> EXERCISE MATERIALS:
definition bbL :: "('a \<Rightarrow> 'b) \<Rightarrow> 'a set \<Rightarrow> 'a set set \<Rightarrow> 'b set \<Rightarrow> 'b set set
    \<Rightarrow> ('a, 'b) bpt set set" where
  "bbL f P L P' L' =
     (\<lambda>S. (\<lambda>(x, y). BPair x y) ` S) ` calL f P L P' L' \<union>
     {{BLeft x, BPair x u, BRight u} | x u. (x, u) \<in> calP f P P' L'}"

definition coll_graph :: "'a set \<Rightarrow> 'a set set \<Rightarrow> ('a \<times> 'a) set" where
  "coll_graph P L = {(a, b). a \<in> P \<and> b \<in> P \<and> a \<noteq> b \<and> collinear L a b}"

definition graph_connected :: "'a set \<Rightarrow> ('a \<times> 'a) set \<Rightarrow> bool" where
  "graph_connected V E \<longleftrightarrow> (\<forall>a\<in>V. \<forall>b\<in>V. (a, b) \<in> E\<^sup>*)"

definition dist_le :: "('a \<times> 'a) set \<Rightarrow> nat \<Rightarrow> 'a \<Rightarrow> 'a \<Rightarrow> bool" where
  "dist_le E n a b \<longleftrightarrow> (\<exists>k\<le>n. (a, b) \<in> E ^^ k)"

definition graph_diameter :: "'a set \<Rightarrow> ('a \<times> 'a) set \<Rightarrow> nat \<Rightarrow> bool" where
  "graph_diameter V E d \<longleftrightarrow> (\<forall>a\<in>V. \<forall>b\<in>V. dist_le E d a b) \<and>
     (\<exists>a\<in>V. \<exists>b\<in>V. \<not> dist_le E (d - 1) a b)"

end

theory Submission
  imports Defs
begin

==

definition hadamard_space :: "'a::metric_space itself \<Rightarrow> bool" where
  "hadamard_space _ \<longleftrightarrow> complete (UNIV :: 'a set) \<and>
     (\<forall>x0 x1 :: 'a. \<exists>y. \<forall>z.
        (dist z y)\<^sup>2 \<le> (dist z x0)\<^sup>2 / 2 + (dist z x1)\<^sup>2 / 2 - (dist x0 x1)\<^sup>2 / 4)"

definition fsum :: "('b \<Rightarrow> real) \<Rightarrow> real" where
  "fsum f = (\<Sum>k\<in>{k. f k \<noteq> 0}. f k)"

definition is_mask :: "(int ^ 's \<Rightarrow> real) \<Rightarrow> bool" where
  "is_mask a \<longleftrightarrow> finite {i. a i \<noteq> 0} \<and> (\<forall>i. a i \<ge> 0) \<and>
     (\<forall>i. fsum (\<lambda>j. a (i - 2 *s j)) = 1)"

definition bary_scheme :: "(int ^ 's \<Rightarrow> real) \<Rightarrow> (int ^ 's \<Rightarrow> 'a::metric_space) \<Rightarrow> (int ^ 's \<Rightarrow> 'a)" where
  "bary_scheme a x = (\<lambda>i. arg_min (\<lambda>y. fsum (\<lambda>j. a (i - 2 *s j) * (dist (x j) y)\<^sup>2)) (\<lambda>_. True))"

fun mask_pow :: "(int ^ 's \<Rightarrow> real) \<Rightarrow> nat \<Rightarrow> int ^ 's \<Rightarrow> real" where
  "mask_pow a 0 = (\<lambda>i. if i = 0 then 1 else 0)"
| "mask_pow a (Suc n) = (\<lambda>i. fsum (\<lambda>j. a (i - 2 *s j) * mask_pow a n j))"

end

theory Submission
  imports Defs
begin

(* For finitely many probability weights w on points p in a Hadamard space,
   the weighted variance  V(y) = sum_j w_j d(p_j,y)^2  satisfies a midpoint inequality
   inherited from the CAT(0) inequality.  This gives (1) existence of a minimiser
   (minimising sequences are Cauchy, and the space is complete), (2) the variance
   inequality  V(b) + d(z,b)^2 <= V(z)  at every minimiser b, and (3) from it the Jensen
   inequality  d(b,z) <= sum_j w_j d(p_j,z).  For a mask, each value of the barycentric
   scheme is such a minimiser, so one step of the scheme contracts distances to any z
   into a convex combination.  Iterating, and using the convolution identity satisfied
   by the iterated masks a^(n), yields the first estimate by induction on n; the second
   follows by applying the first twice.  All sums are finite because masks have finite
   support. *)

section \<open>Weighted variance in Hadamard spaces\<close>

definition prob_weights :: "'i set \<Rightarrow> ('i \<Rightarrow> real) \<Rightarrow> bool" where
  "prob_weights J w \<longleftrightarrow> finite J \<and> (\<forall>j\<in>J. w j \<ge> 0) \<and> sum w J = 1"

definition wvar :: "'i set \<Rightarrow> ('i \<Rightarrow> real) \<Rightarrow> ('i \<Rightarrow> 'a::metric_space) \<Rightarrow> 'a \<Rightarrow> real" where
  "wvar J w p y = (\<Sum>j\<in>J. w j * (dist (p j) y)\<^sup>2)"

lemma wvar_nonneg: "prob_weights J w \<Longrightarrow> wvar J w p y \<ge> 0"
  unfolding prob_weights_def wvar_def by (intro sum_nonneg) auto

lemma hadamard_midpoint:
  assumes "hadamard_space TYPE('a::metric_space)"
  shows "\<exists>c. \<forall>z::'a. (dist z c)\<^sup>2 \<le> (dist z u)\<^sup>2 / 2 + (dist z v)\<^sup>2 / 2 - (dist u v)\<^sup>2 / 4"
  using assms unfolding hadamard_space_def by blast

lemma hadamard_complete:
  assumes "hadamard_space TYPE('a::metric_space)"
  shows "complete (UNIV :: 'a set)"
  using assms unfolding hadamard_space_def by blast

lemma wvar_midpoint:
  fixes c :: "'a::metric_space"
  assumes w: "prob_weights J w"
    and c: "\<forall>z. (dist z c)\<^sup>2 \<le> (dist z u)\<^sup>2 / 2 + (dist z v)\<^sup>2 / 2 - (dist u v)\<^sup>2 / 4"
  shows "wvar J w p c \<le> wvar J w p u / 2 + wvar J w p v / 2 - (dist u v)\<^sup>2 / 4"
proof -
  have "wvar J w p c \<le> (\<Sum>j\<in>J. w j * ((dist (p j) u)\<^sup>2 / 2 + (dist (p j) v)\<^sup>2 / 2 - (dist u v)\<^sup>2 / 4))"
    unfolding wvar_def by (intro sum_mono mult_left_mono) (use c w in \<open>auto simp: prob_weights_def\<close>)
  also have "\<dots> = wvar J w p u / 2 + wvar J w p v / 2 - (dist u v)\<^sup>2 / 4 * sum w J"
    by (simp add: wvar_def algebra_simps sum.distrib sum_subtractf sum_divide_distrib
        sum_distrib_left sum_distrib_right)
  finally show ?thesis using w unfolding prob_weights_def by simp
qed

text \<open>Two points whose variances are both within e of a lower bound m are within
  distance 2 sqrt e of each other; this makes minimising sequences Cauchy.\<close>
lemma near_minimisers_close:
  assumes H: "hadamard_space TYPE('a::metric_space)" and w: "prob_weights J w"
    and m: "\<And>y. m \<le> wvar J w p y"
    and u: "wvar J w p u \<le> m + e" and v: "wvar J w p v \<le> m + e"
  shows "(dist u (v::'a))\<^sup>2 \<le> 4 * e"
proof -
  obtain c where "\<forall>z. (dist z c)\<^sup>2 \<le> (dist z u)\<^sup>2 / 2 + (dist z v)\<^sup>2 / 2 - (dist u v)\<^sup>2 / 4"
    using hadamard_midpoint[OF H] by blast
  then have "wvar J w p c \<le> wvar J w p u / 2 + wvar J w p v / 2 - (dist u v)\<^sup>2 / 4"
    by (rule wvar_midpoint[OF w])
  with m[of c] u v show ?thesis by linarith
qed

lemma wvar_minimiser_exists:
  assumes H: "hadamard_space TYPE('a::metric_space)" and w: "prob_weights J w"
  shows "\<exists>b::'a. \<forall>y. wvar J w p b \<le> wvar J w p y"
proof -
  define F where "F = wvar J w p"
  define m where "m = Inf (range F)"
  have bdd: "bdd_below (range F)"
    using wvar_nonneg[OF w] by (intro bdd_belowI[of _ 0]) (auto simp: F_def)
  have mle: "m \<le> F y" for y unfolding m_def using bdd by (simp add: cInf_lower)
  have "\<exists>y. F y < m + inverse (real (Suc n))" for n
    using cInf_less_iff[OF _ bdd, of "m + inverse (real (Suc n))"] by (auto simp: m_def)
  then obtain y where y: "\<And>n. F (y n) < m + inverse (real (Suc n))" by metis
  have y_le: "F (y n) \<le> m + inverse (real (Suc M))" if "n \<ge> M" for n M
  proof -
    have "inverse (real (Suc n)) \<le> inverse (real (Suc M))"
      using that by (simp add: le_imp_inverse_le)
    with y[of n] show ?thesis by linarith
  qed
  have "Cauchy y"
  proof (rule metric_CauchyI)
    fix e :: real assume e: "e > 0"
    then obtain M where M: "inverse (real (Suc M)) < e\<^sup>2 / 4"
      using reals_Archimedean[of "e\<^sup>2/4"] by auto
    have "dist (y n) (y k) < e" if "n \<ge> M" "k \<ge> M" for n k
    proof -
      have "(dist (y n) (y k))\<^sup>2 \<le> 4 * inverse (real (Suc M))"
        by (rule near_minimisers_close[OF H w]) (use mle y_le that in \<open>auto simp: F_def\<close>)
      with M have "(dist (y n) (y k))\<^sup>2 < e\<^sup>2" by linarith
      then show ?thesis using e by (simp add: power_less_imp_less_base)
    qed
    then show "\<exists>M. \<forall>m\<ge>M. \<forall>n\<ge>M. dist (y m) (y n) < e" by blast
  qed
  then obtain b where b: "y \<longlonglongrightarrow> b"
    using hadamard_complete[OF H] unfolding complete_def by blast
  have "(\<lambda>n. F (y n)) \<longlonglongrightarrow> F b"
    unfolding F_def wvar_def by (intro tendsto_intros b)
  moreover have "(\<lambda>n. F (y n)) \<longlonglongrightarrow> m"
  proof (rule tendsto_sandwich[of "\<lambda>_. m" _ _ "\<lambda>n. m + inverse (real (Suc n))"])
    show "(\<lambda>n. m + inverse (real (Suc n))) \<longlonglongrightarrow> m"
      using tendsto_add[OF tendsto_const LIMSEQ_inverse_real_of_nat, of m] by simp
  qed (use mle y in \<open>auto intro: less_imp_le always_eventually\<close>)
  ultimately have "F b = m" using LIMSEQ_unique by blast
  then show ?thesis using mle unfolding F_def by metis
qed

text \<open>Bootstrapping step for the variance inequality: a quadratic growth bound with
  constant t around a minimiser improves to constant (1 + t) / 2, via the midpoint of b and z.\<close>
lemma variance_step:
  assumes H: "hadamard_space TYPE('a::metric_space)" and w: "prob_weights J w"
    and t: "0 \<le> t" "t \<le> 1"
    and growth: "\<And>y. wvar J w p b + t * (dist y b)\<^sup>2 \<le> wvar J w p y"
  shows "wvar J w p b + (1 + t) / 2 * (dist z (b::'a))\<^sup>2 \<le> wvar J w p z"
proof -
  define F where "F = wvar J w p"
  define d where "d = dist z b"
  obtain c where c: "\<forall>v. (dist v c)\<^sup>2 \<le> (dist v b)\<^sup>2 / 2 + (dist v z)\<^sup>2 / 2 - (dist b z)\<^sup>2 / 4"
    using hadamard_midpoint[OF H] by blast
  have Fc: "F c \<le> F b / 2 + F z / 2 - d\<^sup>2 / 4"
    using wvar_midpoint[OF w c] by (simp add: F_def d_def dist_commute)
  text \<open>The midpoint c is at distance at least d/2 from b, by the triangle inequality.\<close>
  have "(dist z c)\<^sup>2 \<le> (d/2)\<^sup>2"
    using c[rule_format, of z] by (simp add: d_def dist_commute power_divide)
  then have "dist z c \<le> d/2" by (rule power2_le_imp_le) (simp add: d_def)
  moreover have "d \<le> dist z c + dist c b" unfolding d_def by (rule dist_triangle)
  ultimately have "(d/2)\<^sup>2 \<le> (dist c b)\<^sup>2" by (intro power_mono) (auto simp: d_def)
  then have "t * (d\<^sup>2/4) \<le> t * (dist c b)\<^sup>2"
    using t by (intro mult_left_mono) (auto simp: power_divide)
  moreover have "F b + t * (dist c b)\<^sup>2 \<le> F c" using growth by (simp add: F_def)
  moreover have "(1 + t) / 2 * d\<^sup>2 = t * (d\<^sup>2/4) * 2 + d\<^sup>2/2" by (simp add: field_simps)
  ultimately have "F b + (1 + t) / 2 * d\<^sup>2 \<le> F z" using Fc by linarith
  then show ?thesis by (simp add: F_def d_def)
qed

> YOUR OBJECTIVE: Pull every line containing "shows" from the material above.

> EXERCISE OUTPUT:
  shows "\<exists>c. \<forall>z::'a. (dist z c)\<^sup>2 \<le> (dist z u)\<^sup>2 / 2 + (dist z v)\<^sup>2 / 2 - (dist u v)\<^sup>2 / 4"
  shows "complete (UNIV :: 'a set)"
  shows "wvar J w p c \<le> wvar J w p u / 2 + wvar J w p v / 2 - (dist u v)\<^sup>2 / 4"
  shows "(dist u (v::'a))\<^sup>2 \<le> 4 * e"
  shows "\<exists>b::'a. \<forall>y. wvar J w p b \<le> wvar J w p y"
  shows "wvar J w p b + (1 + t) / 2 * (dist z (b::'a))\<^sup>2 \<le> wvar J w p z"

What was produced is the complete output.